(* Let $n>1$ be an integer. (1) If $n$ is $2$-$T_0T^\ast$-perfect then $n=p_1^3$ for some prime $p_1$; (2) if $n$ is $3$-$T_0T^\ast$-perfect then $n=p_1^5$; (3) if $n$ is $4$-$T_0T^\ast$-perfect then $n=p_1^7$; (4) if $n$ is $5$-$T_0T^\ast$-perfect then $n=p_1^9$; (5) if $n$ is $6$-$T_0T^\ast$-perfect then $n=p_1^{11}$; (6) if $n$ is $7$-$T_0T^\ast$-perfect then $n=p_1^{13}$; (7) if $n$ is $8$-$T_0T^\ast$-perfect then $n=p_1^{15}$; (8) if $n$ is $9$-$T_0T^\ast$-perfect then $n=p_1^{17}$ or $n=p_1p_2$ for distinct primes $p_1,p_2$; (9) if $n$ is $10$-$T_0T^\ast$-perfect then $n=p_1^{19}$; where in each case $p_1$ is a prime.
   Context: For a positive integer $m$, $T(m)$ denotes the product of all positive divisors of $m$, and $T^\ast(m)$ the product of all unitary divisors of $m$ (divisors $d$ with $\gcd(d,m/d)=1$). For an integer $k\ge 2$, an integer $n>1$ is called $k$-$T_0T^\ast$-perfect if $T(T^\ast(n))=n^k$. *)

theory Defs
  imports "HOL-Computational_Algebra.Primes"
begin

definition divisor_prod :: "nat \<Rightarrow> nat" where
  "divisor_prod m = (\<Prod>d\<in>{d. d dvd m}. d)"

definition unitary_divisor_prod :: "nat \<Rightarrow> nat" where
  "unitary_divisor_prod m = (\<Prod>d\<in>{d. d dvd m \<and> coprime d (m div d)}. d)"

definition k_T0Tstar_perfect :: "nat \<Rightarrow> nat \<Rightarrow> bool" where
  "k_T0Tstar_perfect k n \<longleftrightarrow> n > 1 \<and> divisor_prod (unitary_divisor_prod n) = n ^ k"

end

theory Submission
  imports Defs
begin

text \<open>
  Pairing each divisor d of m with m div d gives T(m)^2 = m^\<tau>(m), and likewise
  T*(n)^2 = n^(2^s) for n with s distinct prime factors. So if n = \<Prod> p^a(p), then
  T*(n) = \<Prod> p^(2^(s-1) a(p)) and T(T*(n)) = n^k amounts to
  4k = 2^s \<Prod>(2^(s-1) a(p) + 1). For k < 15 this forces either s = 1, i.e. n = p^(2k-1),
  or s = 2 with both exponents 1, which gives k = 9 and n = p q; already s = 3 would
  need 4k \<ge> 8 \<cdot> 5^3.
\<close>

definition unitary_divisors :: "nat \<Rightarrow> nat set" where
  "unitary_divisors m = {d. d dvd m \<and> coprime d (m div d)}"

lemma prod_set_closed_under_complement_square:
  fixes m :: nat and S :: "nat set"
  assumes "finite S" "m > 0" "\<And>d. d \<in> S \<Longrightarrow> d dvd m \<and> m div d \<in> S"
  shows "(\<Prod>S) ^ 2 = m ^ card S"
proof -
  have cancel: "m div (m div d) = d" if "d \<in> S" for d
    using assms(2) assms(3)[OF that] by auto
  have "inj_on (\<lambda>d. m div d) S"
    by (metis cancel inj_onI)
  moreover have "(\<lambda>d. m div d) ` S = S"
  proof
    show "S \<subseteq> (\<lambda>d. m div d) ` S"
      using assms(3) cancel by (metis image_eqI subsetI)
  qed (use assms(3) in auto)
  ultimately have complement: "(\<Prod>d\<in>S. m div d) = \<Prod>S"
    using prod.reindex[of "\<lambda>d. m div d" S id] by simp
  have "(\<Prod>S) ^ 2 = (\<Prod>d\<in>S. d) * (\<Prod>d\<in>S. m div d)"
    by (simp add: complement power2_eq_square)
  also have "\<dots> = (\<Prod>d\<in>S. d * (m div d))"
    by (simp add: prod.distrib)
  also have "\<dots> = (\<Prod>d\<in>S. m)"
    using assms(3) by (intro prod.cong) auto
  finally show ?thesis by simp
qed

lemma divisor_prod_square: "m > 0 \<Longrightarrow> divisor_prod m ^ 2 = m ^ card {d. d dvd m}"
  unfolding divisor_prod_def
  by (rule prod_set_closed_under_complement_square) auto

lemma unitary_divisor_prod_square:
  "m > 0 \<Longrightarrow> unitary_divisor_prod m ^ 2 = m ^ card (unitary_divisors m)"
  unfolding unitary_divisor_prod_def unitary_divisors_def
  by (rule prod_set_closed_under_complement_square)
     (auto simp: coprime_commute)

lemma coprime_mult_dvd_cancel:
  fixes x y d e d' e' :: nat
  assumes "coprime x y" "d dvd x" "e dvd y" "d' dvd x" "e' dvd y" "d * e = d' * e'"
  shows "d = d' \<and> e = e'"
proof -
  have gcd_left: "gcd (a * b) x = a" if "a dvd x" "b dvd y" for a b
    using that assms(1) coprime_divisors[of b y x x]
    by (simp add: coprime_commute gcd_mult_left_right_cancel)
  have gcd_right: "gcd (a * b) y = b" if "a dvd x" "b dvd y" for a b
    using that assms(1) coprime_divisors[of a x y y]
    by (simp add: coprime_commute gcd_mult_left_left_cancel)
  show ?thesis
    using gcd_left[of d e] gcd_left[of d' e'] gcd_right[of d e] gcd_right[of d' e'] assms
    by metis
qed

lemma bij_betw_mult_divisors:
  fixes x y :: nat
  assumes "coprime x y"
  shows "bij_betw (\<lambda>(d, e). d * e) ({d. d dvd x} \<times> {e. e dvd y}) {d. d dvd x * y}"
proof (rule bij_betwI')
  fix a b assume "a \<in> {d. d dvd x} \<times> {e. e dvd y}" "b \<in> {d. d dvd x} \<times> {e. e dvd y}"
  then show "((case a of (d, e) \<Rightarrow> d * e) = (case b of (d, e) \<Rightarrow> d * e)) = (a = b)"
    using coprime_mult_dvd_cancel[OF assms] by auto
next
  fix z assume "z \<in> {d. d dvd x * y}"
  then obtain d e where "z = d * e" "d dvd x" "e dvd y"
    using division_decomp by blast
  then show "\<exists>a\<in>{d. d dvd x} \<times> {e. e dvd y}. z = (case a of (d, e) \<Rightarrow> d * e)"
    by auto
qed (auto intro: mult_dvd_mono)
------
**Work to be completed**
Where a line above contains the word "intro", copy that line.

**Result for this exercise**
    using assms(3) by (intro prod.cong) auto
qed (auto intro: mult_dvd_mono)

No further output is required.